Rapidash · Jungle, what to know.

About the Rapidash card

Rapidash sits at #44 in Jungle, the second of the Wizards of the Coast print runs. Illustration by Mitsuhiro Arita. Arita was the original Pokémon TCG illustrator and the artist behind the Base Set Charizard. His vintage-era art has a painterly quality that distinguishes it from the cleaner reference-style work of the Sugimori cards.

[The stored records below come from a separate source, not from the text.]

(* The cut rule — from $\Delta' \vdash A$ and $\Delta(A) \vdash B$ infer $\Delta(\Delta') \vdash B$, for an arbitrary bunched context $\Delta(-)$ — is admissible in the cut-free fragment $\vdash_{\mathsf{cf}}$ of BI+$L$. That is, if $\Delta' \vdash_{\mathsf{cf}} A$ and $\Delta(A) \vdash_{\mathsf{cf}} B$ are derivable in BI+$L$ without cut, then $\Delta(\Delta') \vdash_{\mathsf{cf}} B$ is derivable in BI+$L$ without cut.
   Context: BI is the logic of bunched implications, with formulas built from atoms, $\top,\bot,\wedge,\vee,\to$ and the multiplicatives $\mathsf{emp}$, $\ast$ (separating conjunction), $-\!\ast$ (magic wand). Its sequent calculus operates on sequents $\Delta \vdash \varphi$ where $\Delta$ is a bunch: a tree whose binary nodes are labelled with "$,$" (multiplicative, corresponding to $\ast$) or "$;$" (additive, corresponding to $\wedge$) and whose leaves are formulas or the empty bunches $\varnothing_m$, $\varnothing_a$, taken modulo commutative monoid laws for $(",",\varnothing_m)$ and $(";",\varnothing_a)$. A bunched context $\Delta(-)$ is a bunch with a hole. The calculus has the axiom $a \vdash a$ for atoms, weakening and contraction for "$;$" inside arbitrary bunched contexts, the usual left/right rules for all connectives (left rules applying deep inside bunched contexts), and the cut rule. A bunched term is a bunch built from "$,$", "$;$" and variables $x_1,\dots,x_n$; it is linear if each variable occurs at most once; $T[\Delta_1,\dots,\Delta_n]$ denotes substitution of $\Delta_j$ for $x_j$. A simple structural rule is a tuple $(\{T_1,\dots,T_m\},T)$ with $T$ linear, representing the rule: from $\Pi(T_i[\vec\Delta]) \vdash \varphi$ for all $1\le i\le m$, infer $\Pi(T[\vec\Delta]) \vdash \varphi$, for any bunched context $\Pi$ and bunches $\vec\Delta$ (e.g. weakening for "$,$" is $(\{x_1\}, x_1 , x_2)$). Fix a finite collection $L$ of simple structural rules; BI+$L$ is the BI sequent calculus extended with the rules in $L$, and $\vdash_{\mathsf{cf}}$ denotes provability in BI+$L$ without the cut rule. *)

theory Defs
  imports Main
begin
(* Let $n\geq 3$. There exist $a>1$, $p,q\in\mathbb{R}$, $\hat\theta\in\mathbb{R}$, angles $\theta_{\min}\le\theta_0<\theta_{\max}$, and a curve $\gamma_\infty(\theta)=(r_\infty(\theta)\cos\theta,r_\infty(\theta)\sin\theta)$, $\theta\in[\theta_{\min},\theta_{\max}]$, lying on a level curve of $\mathrm{Im}(e^{-i\hat\theta}z^n)$ (hence a stationary solution, i.e. $\frac{2r_\infty'^2-r_\infty r_\infty''+r_\infty^2}{r_\infty'^2+r_\infty^2}+(n-1)=0$), such that $\gamma_\infty(\theta_0)=(1,q)$ with $\gamma_\infty'(\theta_0)$ vertical (so the class $[\alpha]=p[H]-q[E]$ is semi-stable with respect to $[\omega]=a[H]-[E]$ on the blowup of $\mathbb{P}^n$ at a point, destabilized by the exceptional divisor $E$), $\gamma_\infty(\theta_{\max})=(a,p)$, $1\le r_\infty\cos\theta\le a$ with $r_\infty(\theta_{\min})\cos\theta_{\min}=r_\infty(\theta_{\max})\cos\theta_{\max}=a$, and $$r_\infty'\geq 0,\qquad \frac{r_\infty'}{r_\infty}\le 2\tan\theta\qquad\text{on }[\theta_{\min},\theta_{\max}].$$
   Context: Here $z=x+iy$ is the complex coordinate on $\mathbb{R}^2$. On the blowup $X$ of $\mathbb{P}^n$ at a point, $H$ denotes the pullback of a hyperplane and $E$ the exceptional divisor; $[\omega]=a[H]-[E]$ with $a>1$ is a K\"ahler class. Semi-stability refers to the condition $\pi>\arg Z(V)>\arg Z(X)$ with $Z(V)=-\int_V e^{-i\omega+\alpha}$ (only the degree-$\dim V$ term integrated) holding only non-strictly, with $E$ the subvariety where strictness fails; for Calabi-symmetric data this corresponds to the level curve of $\mathrm{Im}(e^{-i\hat\theta}z^n)$ through $(1,q)$ having vertical tangent there. *)

theory Defs
  imports "HOL-Analysis.Analysis"
begin

end

theory Submission
  imports Defs
begin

In the games, Rapidash evolves from Ponyta, which makes it a late-stage card in the line.

The flavor text on the card reads: "Very competitive, this Pokémon will chase anything that moves fast in the hopes of racing it." Pokédex entries from this era are short and often quirky, written by the original Japanese localization team for a specific stat-block layout that no longer exists in modern cards.

About Rapidash in the Pokémon world

The fully evolved Ponyta. Larger, more elaborate flame mane. Base Set Uncommon with steady raw demand.

Print variants and how to spot them

Jungle shipped in two print waves: 1st Edition (stamped) and Unlimited. There is also a famous "No Symbol" error on some early Unlimited prints where the set symbol was accidentally left off the artwork. No Symbol variants trade for a meaningful premium over the standard Unlimited print and are a quiet specialty within Jungle collecting.

Grading and condition

Uncommons grade more forgivingly than Rare Holos but the same centering and edge requirements apply. Raw copies in pack-fresh condition are easy to find. A PSA 10 submission on a clean Uncommon is a low-cost way to learn how the grading process scores Wizards-era cardstock.

If you are buying this card

Raw copies of this card are inexpensive enough that the grading math rarely justifies submission unless you have a clearly pack-fresh example. For set completionists, picking up a clean raw copy and sleeving it is the practical move.